THE PRESIDENCY IN 1960

JFK SPEAKS ON "THE PRESIDENCY IN 1960"

Washington, D.C. (JFK+50) Fifty-five years ago today, January 14, 1960, Senator John F. Kennedy, candidate for the Democratic nomination for President of the United States, spoke at the National Press Club* here in Washington on the topic "The Presidency in 1960."

Senator Kennedy said...

"The modern Presidential campaign covers every issue in and out of the platform from cranberries to creation.  The history of the Nation has largely been written in terms of the different views of the Presidents...or by the Presidency itself."

JFK said that history should tell the voters they have a right to know "what any man bidding for the Presidency thinks about the place he is bidding for..."

One of the things they should know, the Senator said, is if the candidate would be willing to use the power that he sought.

JFK was not particularly complimentary of the Dwight D. Eisenhower presidency.  He believed Ike governed with a "detached (and) limited concept" of his high office.  

Senator Kennedy believed the times required a stronger leader...a "vigorous proponent of the national interest and an active participant in the legislative process."

Like Theodore and Franklin Roosevelt, JFK said that the 1960s would require a President who would be "in the very thick of the fight," not a James Buchanan or Warren G. Harding but an Abraham Lincoln or Woodrow Wilson. 

JFK concluded.... 

"We will need a real fighting mood in the White House--a man who will not relent in the face of pressure from his Congressional leaders...but the White House is not only the center of political leadership, it must be the center of moral leadership...

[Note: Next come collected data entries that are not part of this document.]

lemma witness_word_snoc_top:
  assumes "m \<ge> 2"
  defines "U \<equiv> [1, m] @ down_pairs 1 (m - 1) @ [0]"
    and "V \<equiv> [1..<m] @ rev [0..<m - 1] @ [m]"
  shows "witness_word m @ [m] = U @ V" "mset U = mset V"
proof -
  show "witness_word m @ [m] = U @ V" by (simp add: witness_word_def U_def V_def)
  have "mset [1..<m] = {#1#} + mset [Suc 1..<m]" using assms(1) by (simp add: upt_conv_Cons)
  moreover have "mset [0..<m - 1] = {#0#} + mset [1..<m - 1]" using assms(1) by (simp add: upt_conv_Cons)
  moreover have "Suc (m - 1) = m" using assms(1) by simp
  ultimately show "mset U = mset V"
    unfolding U_def V_def mset_append mset_down_pairs by (simp add: ac_simps del: mset_upt upt_Suc)
qed

lemma witness_word_snoc_abelian_square:
  assumes "m \<ge> 2" "a \<le> m"
  obtains p U V where "witness_word m @ [a] = p @ U @ V" "U \<noteq> []" "V \<noteq> []" "mset U = mset V"
proof -
  consider "a = 0" | "1 \<le> a" "a < m" | "a = m" using assms(2) by linarith
  then show ?thesis
  proof cases
    case 1
    have "[0..<m - 1] = 0 # [1..<m - 1]" using assms(1) by (simp add: upt_conv_Cons)
    then have "witness_word m @ [a] =
        ([1, m] @ down_pairs 1 (m - 1) @ [0] @ [1..<m] @ rev [1..<m - 1]) @ [0] @ [0]"
      using 1 by (simp add: witness_word_def)
    then show ?thesis by (rule that) simp_all
  next
    case 2
    let ?U = "down_pairs a (m - 1) @ [0] @ [1..<Suc a]" and ?V = "[Suc a..<m] @ rev [0..<m - 1] @ [a]"
    show ?thesis
      using witness_word_snoc_middle[OF 2] by (intro that[of "[1, m] @ down_pairs 1 a" ?U ?V]) simp_all
  next
    case 3
    let ?U = "[1, m] @ down_pairs 1 (m - 1) @ [0]" and ?V = "[1..<m] @ rev [0..<m - 1] @ [m]"
    show ?thesis
      using witness_word_snoc_top[OF assms(1)] 3 by (intro that[of "[]" ?U ?V]) simp_all
  qed
qed

lemma inj_on_prefix_odd_letters_witness_word:
  assumes "m \<ge> 2"
  shows "inj_on (\<lambda>k. odd_letters (take k (witness_word m))) {..length (witness_word m)}"
  by (rule inj_on_inverseI[where g = "parity_index m"])
    (simp add: length_witness_word[OF assms] odd_letters_take_witness_word[OF assms]
      parity_index_witness_parity[OF assms])

lemma crucial_witness_word:
  assumes "m \<ge> 2"
  shows "crucial (Suc m) (S2 (Suc m)) (witness_word m)"
  unfolding crucial_def
proof (intro conjI ballI)
  show "witness_word m \<in> words (Suc m)" using assms by (simp add: witness_word_in_words)
  show "free_from (S2 (Suc m)) (witness_word m)"
    by (rule free_from_S2_if_inj_on_prefix_odd_letters[OF inj_on_prefix_odd_letters_witness_word[OF assms]])
next
  fix a assume "a \<in> alphabet (Suc m)"
  then have a: "a \<le> m" by (simp add: alphabet_def)
  then obtain p U V where w: "witness_word m @ [a] = p @ U @ V" "U \<noteq> []" "V \<noteq> []" "mset U = mset V"
    using witness_word_snoc_abelian_square[OF assms] by blast
  have "witness_word m @ [a] \<in> words (Suc m)"
    using a assms witness_word_in_words[of m] by (simp add: words_Suc_iff)
  then have "U @ V \<in> S2 (Suc m)" using w by (auto simp: mem_S2_iff)
  moreover have "sublist (U @ V) (witness_word m @ [a])"
    unfolding w(1) by (metis append_Nil2 sublist_appendI)
  ultimately show "\<exists>u. sublist u (witness_word m @ [a]) \<and> u \<in> S2 (Suc m)" by blast
qed

theorem theorem2:
  fixes n :: nat
  assumes "n > 2"
  shows "L_min n (S2 n) = 4 * n - 7"
proof -
  define m where "m = n - 1"
  have m: "m \<ge> 2" "n = Suc m" using assms by (simp_all add: m_def)
  have "crucial n (S2 n) (witness_word m)" "length (witness_word m) = 4 * n - 7"
    using crucial_witness_word[OF m(1)] length_witness_word[OF m(1)] m(2) by simp_all
  then show ?thesis
    unfolding L_min_def by (intro Least_equality) (auto intro: crucial_length_ge)
qed

end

Lincoln's hand did not tremble.  He did not hesitate.  He did not equivocate. For he was President of the United States."

SOURCE

The American Presidency Project, by Gerhard Peters and John T. Woolley,  "The Presidency in 1960," by John F. Kennedy, National Press Club, Washington, D.C., January 14, 1960, www.presidency.ucsb.edu/ws/?pid=25795



*The National Press Club, a professional organization for journalists and communication professionals, was founded in 1908 in Washington, D.C.  Every President since Theodore Roosevelt has been a member of the NPC with the exception of Warren G. Harding.

In 1927, the National Press Building was completed in the Nation's Capital.